Classroom transitions and lunch breaks have also changed since COVID-19, Daugherty said.

Students now switch classes in intervals to limit hallway traffic and take their lunch inside the classroom, she said.

All students were equipped with Chromebooks and families have to provide their own internet in the event that the school has to shut down its campus like last spring, Daughtery said.

Even in the months the school was closed, 100% of students participated in lessons from home, she said.

Concordia Parish School District

Concordia Parish School District Superintendent Whest Shirley said every student in the parish, which began fall semester on Aug. 24, has been issued a Chromebook to use at home. However, between 30% to 40% of students in the parish have internet at home currently, he said.

The remainder of students will each receive one of more than 2,700 mobile hotspot devices purchased via the CARES Act so they can have online classes, Shirley said, adding he expects all of the students in the parish to have Wi-Fi at home by October.

“The initial order has not come in yet,” Shirley said. “It could be any day now. This is a new environment not only for us but for everyone across the U.S. Fortunately, We were already one to one as far as the Chromebooks but we still needed to beef up our technology so that every student can use them at home.”

Students who participate in fully virtual classes — which is approximately half of the students in the parish — already have Wi-Fi access while hybrid students who haven’t received Wi-Fi devices yet are being supplemented with hard copy homework assignments until the shipment of mobile hotspot devices arrives, Shirley said.

“This is just a whole new dimension of education that is not be going away anytime soon,” he said. “Even after COVID if there is a snowstorm, a hurricane or another pandemic, as long as we have power we’ll still be able to educate. Our students will no longer be out of reach.”

Working parents

Working parents have also had to adapt to the changes in schools during the COVID-19 pandemic.

Allen and Becky Lipscomb have a boy and girl set of twins that started the fourth-grade on Aug. 24 at Vidalia Upper Elementary.

Seth and Allie, age 9, now spend time at their grandparents’ house on weekdays when they are at home and their parents are at work, Becky said.

“So far it has gone smoothly for us but they have grandparents that are able to keep them,” Becky said. “We make sure we know what is expected of them each day.”

Becky said her children have been given paper assignments to do at home while the schools wait on everyone to be issued a Chromebook and internet devices.

“Right now I don’t expect my parents to have to teach them,” Becky said. “Being in the fourth grade, they can pretty much handle it. As soon as we get the Chromebook, I assume it is going to require a bit more work. I’ve kept in touch with teachers and I feel fine that they are keeping the learning pathways open between us and them.”

Becky said she feels comfortable with how the schools have handled the COVID-19 pandemic.

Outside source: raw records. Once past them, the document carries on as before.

lemma SUP_tail: "(SUP k. tail (1 / Suc k)) = (\<integral>\<^sup>+ s. tail_density s * indicator {0<..} s \<partial>lborel)"
proof -
  define f where "f k s = tail_density s * indicator {1 / Suc k..} s" for k :: nat and s :: real
  have "incseq f"
  proof (rule incseq_SucI, rule le_funI)
    fix k s
    have "1 / real (Suc (Suc k)) \<le> 1 / Suc k" by (simp add: frac_le)
    then show "f k s \<le> f (Suc k) s" unfolding f_def
      by (auto split: split_indicator intro: mult_left_mono)
  qed
  moreover have "f k \<in> borel_measurable lborel" for k unfolding f_def by measurable
  ultimately have limit: "(\<integral>\<^sup>+ s. (SUP k. f k s) \<partial>lborel) = (SUP k. integral\<^sup>N lborel (f k))"
    by (rule nn_integral_monotone_convergence_SUP)
  have pointwise: "(SUP k. f k s) = tail_density s * indicator {0<..} s" for s
  proof (cases "s > 0")
    case True
    obtain k :: nat where "1 / Suc k < s" using True by (meson nat_approx_posE)
    then have "tail_density s * indicator {0<..} s \<le> (SUP k. f k s)"
      using True by (intro SUP_upper2[of k]) (auto simp: f_def)
    moreover have "(SUP k. f k s) \<le> tail_density s * indicator {0<..} s"
      using True by (intro SUP_least) (auto simp: f_def split: split_indicator)
    ultimately show ?thesis by simp
  next
    case False
    have "\<not> 1 / real (Suc k) \<le> s" for k
      using False divide_pos_pos[of 1 "real (Suc k)"] by linarith
    then have "f k s = 0" for k by (simp add: f_def)
    then show ?thesis using False by simp
  qed
  have "integral\<^sup>N lborel (f k) = tail (1 / Suc k)" for k
    unfolding tail_def f_def[abs_def] by simp
  then show ?thesis using limit unfolding pointwise by simp
qed

lemma tail_unbounded_at_0: "\<exists>\<delta>>0. \<forall>\<tau>. 0 < \<tau> \<and> \<tau> \<le> \<delta> \<longrightarrow> ennreal M \<le> tail \<tau>"
proof -
  have "(\<integral>\<^sup>+ s. tail_density s * indicator {0<..1} s \<partial>lborel) \<le> (\<integral>\<^sup>+ s. tail_density s * indicator {0<..} s \<partial>lborel)"
    by (intro nn_integral_mono) (auto split: split_indicator)
  then have "\<infinity> \<le> (\<integral>\<^sup>+ s. tail_density s * indicator {0<..} s \<partial>lborel)"
    using tail_density_not_integrable_at_0 by simp
  then have "(SUP k. tail (1 / Suc k)) = \<infinity>"
    unfolding SUP_tail by (simp add: top_unique)
  then have "ennreal M < (SUP k. tail (1 / Suc k))" by (metis ennreal_less_top infinity_ennreal_def)
  then obtain k where k: "ennreal M < tail (1 / Suc k)"
    unfolding less_SUP_iff by blast
  show ?thesis
  proof (intro exI[of _ "1 / Suc k"] conjI allI impI)
    fix \<tau> assume "0 < \<tau> \<and> \<tau> \<le> 1 / Suc k"
    then show "ennreal M \<le> tail \<tau>" using k tail_antimono[of \<tau> "1 / Suc k"] by simp
  qed simp
qed

lemma tail_ge: assumes "0 < x" "x \<le> y"
  shows "ennreal (a_conj x * y powr (-1-p) * (y - x)) + tail y \<le> tail x"
proof -
  have "ennreal (a_conj x * y powr (-1-p) * (y - x))
      = (\<integral>\<^sup>+ s. ennreal (a_conj x * y powr (-1-p)) * indicator {x..<y} s \<partial>lborel)"
    using assms a_conj_nonneg[of x] by (simp add: nn_integral_cmult_indicator ennreal_mult[symmetric])
  also have "\<dots> \<le> (\<integral>\<^sup>+ s. tail_density s * indicator {x..<y} s \<partial>lborel)"
  proof (rule nn_integral_mono)
    fix s :: real
    show "ennreal (a_conj x * y powr (-1-p)) * indicator {x..<y} s \<le> tail_density s * indicator {x..<y} s"
    proof (cases "s \<in> {x..<y}")
      case True
      have "a_conj x \<le> a_conj s" using True by (intro a_conj_le) auto
      moreover have "y powr (-1-p) \<le> s powr (-1-p)" using True assms p_gt_1 by (intro powr_mono2') auto
      ultimately have "a_conj x * y powr (-1-p) \<le> a_conj s * s powr (-1-p)"
        using a_conj_nonneg[of x] by (intro mult_mono) auto
      then show ?thesis
        using True a_conj_nonneg[of s] by (simp add: tail_density_def ennreal_mult[symmetric] ennreal_leI)
    qed simp
  qed
  finally show ?thesis using tail_split[OF assms(2)] by (simp add: add_right_mono)
qed

lemma tail_finite: assumes "\<tau> > 0" shows "tail \<tau> < \<infinity>"
proof (cases "\<tau> \<ge> 1")
  case True then show ?thesis using tail_antimono[OF True] tail_1_finite by (simp add: le_less_trans)
next
  case False
  have "(\<integral>\<^sup>+ s. tail_density s * indicator {\<tau>..<1} s \<partial>lborel)
      \<le> (\<integral>\<^sup>+ s. ennreal (a_conj 1 * \<tau> powr (-1-p)) * indicator {\<tau>..<1} s \<partial>lborel)"
  proof (rule nn_integral_mono)
    fix s :: real
    show "tail_density s * indicator {\<tau>..<1} s \<le> ennreal (a_conj 1 * \<tau> powr (-1-p)) * indicator {\<tau>..<1} s"
    proof (cases "s \<in> {\<tau>..<1}")
      case True
      have "a_conj s \<le> a_conj 1" using True by (intro a_conj_le) auto
      moreover have "s powr (-1-p) \<le> \<tau> powr (-1-p)" using True assms p_gt_1 by (intro powr_mono2') auto
      ultimately have "a_conj s * s powr (-1-p) \<le> a_conj 1 * \<tau> powr (-1-p)"
        using a_conj_nonneg[of s] by (intro mult_mono) auto
      then show ?thesis
        using True a_conj_nonneg[of s] by (simp add: tail_density_def ennreal_mult[symmetric] ennreal_leI)
    qed simp
  qed
  also have "\<dots> < \<infinity>" using False by (simp add: nn_integral_cmult_indicator ennreal_mult_less_top)
  finally show ?thesis using tail_split[of \<tau> 1] False tail_1_finite by simp
qed

definition tail_real :: "real \<Rightarrow> real" where "tail_real t = enn2real (tail t)"

lemma tail_eq: "t > 0 \<Longrightarrow> tail t = ennreal (tail_real t)"
  using tail_finite by (simp add: tail_real_def ennreal_enn2real_if less_top)

lemma tail_real_nonneg: "tail_real t \<ge> 0"
  by (simp add: tail_real_def)

lemma tail_real_ge: assumes "0 < x" "x \<le> y"
  shows "a_conj x * y powr (-1-p) * (y - x) + tail_real y \<le> tail_real x"
proof -
  have nonneg: "a_conj x * y powr (-1-p) * (y - x) \<ge> 0" using assms a_conj_nonneg[of x] by simp
  have "ennreal (a_conj x * y powr (-1-p) * (y - x)) + ennreal (tail_real y) \<le> ennreal (tail_real x)"
    using tail_ge[OF assms] assms by (simp add: tail_eq)
  then have "ennreal (a_conj x * y powr (-1-p) * (y - x) + tail_real y) \<le> ennreal (tail_real x)"
    by (subst ennreal_plus[OF nonneg tail_real_nonneg])
  then show ?thesis by (subst (asm) ennreal_le_iff) (auto intro: tail_real_nonneg)
qed

definition e :: "real \<Rightarrow> real" where "e t = t powr p * tail_real t"

lemma E_fun_eq: assumes "t \<ge> 0" shows "E_fun n A t = ereal (e t)"
proof (cases "t = 0")
  case True then show ?thesis by (simp add: E_fun_eq_tail e_def zero_ennreal.rep_eq zero_ereal_def)
next
  case False
  with assms have "t > 0" by simp
  then show ?thesis by (simp add: E_fun_eq_tail e_def tail_eq ennreal_mult[symmetric] tail_real_nonneg)
qed

lemma e_nonneg: "e t \<ge> 0" by (simp add: e_def tail_real_nonneg)

lemma e_zero: "e 0 = 0" by (simp add: e_def)

lemma e_ge_a_conj: assumes \<tau>: "\<tau> > 0" shows "2 powr (-1-p) * a_conj \<tau> \<le> e \<tau>"
proof -
  have "a_conj \<tau> * (2*\<tau>) powr (-1-p) * (2*\<tau> - \<tau>) + tail_real (2*\<tau>) \<le> tail_real \<tau>"
    using \<tau> by (intro tail_real_ge) auto
  then have "a_conj \<tau> * (2*\<tau>) powr (-1-p) * \<tau> \<le> tail_real \<tau>" using tail_real_nonneg[of "2*\<tau>"] by simp
  then have "\<tau> powr p * (a_conj \<tau> * (2*\<tau>) powr (-1-p) * \<tau>) \<le> e \<tau>"
    unfolding e_def by (intro mult_left_mono) auto
  moreover have "\<tau> powr p * (a_conj \<tau> * (2*\<tau>) powr (-1-p) * \<tau>) = 2 powr (-1-p) * a_conj \<tau>"
  proof -
    have "\<tau> powr p * \<tau> powr (-1-p) = \<tau> powr (-1)" using powr_add[of \<tau> p "-1-p"] by simp
    then have "\<tau> powr p * \<tau> powr (-1-p) * \<tau> = 1" using \<tau> by (simp add: powr_minus)
    then show ?thesis using \<tau> by (simp add: powr_mult algebra_simps)
  qed
  ultimately show ?thesis by simp
qed

lemma tail_real_le:
  assumes \<epsilon>: "\<epsilon> > 0" and small: "\<And>s. 0 \<le> s \<Longrightarrow> s \<le> \<sigma> \<Longrightarrow> a_conj s \<le> \<epsilon> * s"
    and \<tau>: "0 < \<tau>" "\<tau> \<le> \<sigma>"
  shows "tail_real \<tau> \<le> \<epsilon> * ((real n - 1) * \<tau> powr (-q)) + tail_real \<sigma>"
proof -
  have "(\<integral>\<^sup>+ s. tail_density s * indicator {\<tau>..<\<sigma>} s \<partial>lborel)
      \<le> (\<integral>\<^sup>+ s. ennreal \<epsilon> * (ennreal (s powr (-p)) * indicator {\<tau>..} s) \<partial>lborel)"
  proof (rule nn_integral_mono)
    fix s :: real
    show "tail_density s * indicator {\<tau>..<\<sigma>} s \<le> ennreal \<epsilon> * (ennreal (s powr (-p)) * indicator {\<tau>..} s)"
    proof (cases "s \<in> {\<tau>..<\<sigma>}")
      case True
      then have s: "s > 0" using \<tau> by auto
      have "a_conj s * s powr (-1-p) \<le> \<epsilon> * s * s powr (-1-p)"
        using small[of s] True \<tau> by (intro mult_right_mono) auto
      also have "\<dots> = \<epsilon> * s powr (-p)" using powr_mult_self[OF s] by simp
      finally show ?thesis
        using True a_conj_nonneg[of s] \<epsilon>
        by (simp add: tail_density_def ennreal_mult[symmetric] ennreal_leI)
    qed simp
  qed
  also have "\<dots> = ennreal \<epsilon> * (\<integral>\<^sup>+ s. ennreal (s powr (-p)) * indicator {\<tau>..} s \<partial>lborel)"
    by (rule nn_integral_cmult) measurable
  also have "(\<integral>\<^sup>+ s. ennreal (s powr (-p)) * indicator {\<tau>..} s \<partial>lborel) = ennreal (\<tau> powr (1-p) / (p-1))"
    using \<tau> p_gt_1 by (intro nn_integral_powr_Ici) auto
  also have "\<tau> powr (1-p) / (p-1) = (1 / q) * \<tau> powr (-q)" by (simp add: p_eq)
  also have "1 / q = real n - 1" using q_mult q_pos by (simp add: field_simps)
  finally have "(\<integral>\<^sup>+ s. tail_density s * indicator {\<tau>..<\<sigma>} s \<partial>lborel)
      \<le> ennreal (\<epsilon> * ((real n - 1) * \<tau> powr (-q)))"
    using \<epsilon> n_ge_2 by (simp add: ennreal_mult)
  then have "ennreal (tail_real \<tau>) \<le> ennreal (\<epsilon> * ((real n - 1) * \<tau> powr (-q))) + ennreal (tail_real \<sigma>)"
    using tail_split[OF \<tau>(2)] \<tau> by (simp add: tail_eq add_right_mono)
  also have "\<dots> = ennreal (\<epsilon> * ((real n - 1) * \<tau> powr (-q)) + tail_real \<sigma>)"
    using \<epsilon> n_ge_2 tail_real_nonneg by (subst ennreal_plus) auto
  finally show ?thesis using \<epsilon> n_ge_2 tail_real_nonneg[of \<sigma>] by (subst (asm) ennreal_le_iff) auto
qed

text \<open>By \<open>tail_real_le\<close>, \<open>e \<tau> \<le> \<epsilon>/2 * \<tau> + \<tau> powr p * tail_real \<sigma>\<close> for small \<open>\<tau>\<close>, and \<open>p > 1\<close>.\<close>
lemma e_sublinear: assumes \<epsilon>: "\<epsilon> > 0" shows "\<forall>\<^sub>F \<tau> in at_right 0. e \<tau> \<le> \<epsilon> * \<tau>"
  unfolding eventually_at_right_field
proof -
  have n1: "real n - 1 \<ge> 1" using n_ge_2 by simp
  define \<epsilon>' where "\<epsilon>' = \<epsilon> / (2 * (real n - 1))"
  have \<epsilon>': "\<epsilon>' > 0" "\<epsilon>' * (real n - 1) = \<epsilon>/2" using \<epsilon> n1 by (auto simp: \<epsilon>'_def field_simps)
  obtain \<sigma> where \<sigma>: "\<sigma> > 0" "\<And>s. 0 \<le> s \<Longrightarrow> s \<le> \<sigma> \<Longrightarrow> a_conj s \<le> \<epsilon>' * s"
    using a_conj_sublinear[OF \<epsilon>'(1)] by auto
  define T where "T = tail_real \<sigma>"
  have T: "T \<ge> 0" by (simp add: T_def tail_real_nonneg)
  define \<delta> where "\<delta> = min \<sigma> ((\<epsilon> / (2 * (T + 1))) powr (real n - 1))"
  have \<delta>: "\<delta> > 0" using \<sigma> \<epsilon> T by (simp add: \<delta>_def)
  have "e \<tau> \<le> \<epsilon> * \<tau>" if \<tau>: "0 < \<tau>" "\<tau> < \<delta>" for \<tau>
  proof -
    have "\<tau> powr q \<le> ((\<epsilon> / (2 * (T + 1))) powr (real n - 1)) powr q"
      using \<tau> q_pos by (intro powr_mono2) (auto simp: \<delta>_def)
    also have "\<dots> = \<epsilon> / (2 * (T + 1))"
      using q_mult T \<epsilon> by (simp add: powr_powr mult.commute)
    finally have "\<tau> powr q * T \<le> \<epsilon> / (2 * (T + 1)) * T" using T by (intro mult_right_mono)
    also have "\<dots> \<le> \<epsilon> / 2" using T \<epsilon> by (simp add: field_simps)
    finally have small: "\<tau> powr q * T \<le> \<epsilon> / 2" .
    have "e \<tau> \<le> \<tau> powr p * (\<epsilon>' * ((real n - 1) * \<tau> powr (-q)) + T)"
      unfolding e_def T_def
      using tail_real_le[OF \<epsilon>'(1) \<sigma>(2)] \<tau> by (intro mult_left_mono) (auto simp: \<delta>_def)
    also have "\<dots> = (\<epsilon>' * (real n - 1)) * (\<tau> powr p * \<tau> powr (-q)) + \<tau> * (\<tau> powr q * T)"
      using \<tau> powr_add[of \<tau> 1 q] by (simp add: p_eq algebra_simps)
    also have "\<tau> powr p * \<tau> powr (-q) = \<tau>" using powr_add[of \<tau> p "-q"] \<tau> by (simp add: p_eq)
    also have "\<tau> * (\<tau> powr q * T) \<le> \<tau> * (\<epsilon>/2)" using small \<tau> by (intro mult_left_mono) auto
    finally show ?thesis using \<epsilon>'(2) by simp
  qed
  with \<delta> show "\<exists>\<delta>>0. \<forall>\<tau>>0. \<tau> < \<delta> \<longrightarrow> e \<tau> \<le> \<epsilon> * \<tau>" by blast
qed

“It has been smooth so far and I know that they are doing everything that they can to keep the classrooms safe and socially distance,” Becky said. “I’m not really concerned because I know we’re all doing our part. It was an issue at first having kids go to school and then go to their elderly grandparents’ home but I’m OK with that because I know everyone is doing right. My main goal is to make sure that by the end of fourth grade my kids get all of the education that they were supposed to get for the fourth grade.”

Delta Charter

Delta Charter school principal Jimmy Comeaux said approximately 100 students at Delta Charter are enrolled in fully virtual classes while the remainder of students are participating in face-to-face instruction on campus.

“We haven’t had any connectivity issues until Hurricane Laura hit,” Comeaux said, adding students were still out of school until Wednesday due to some not having power after the hurricane.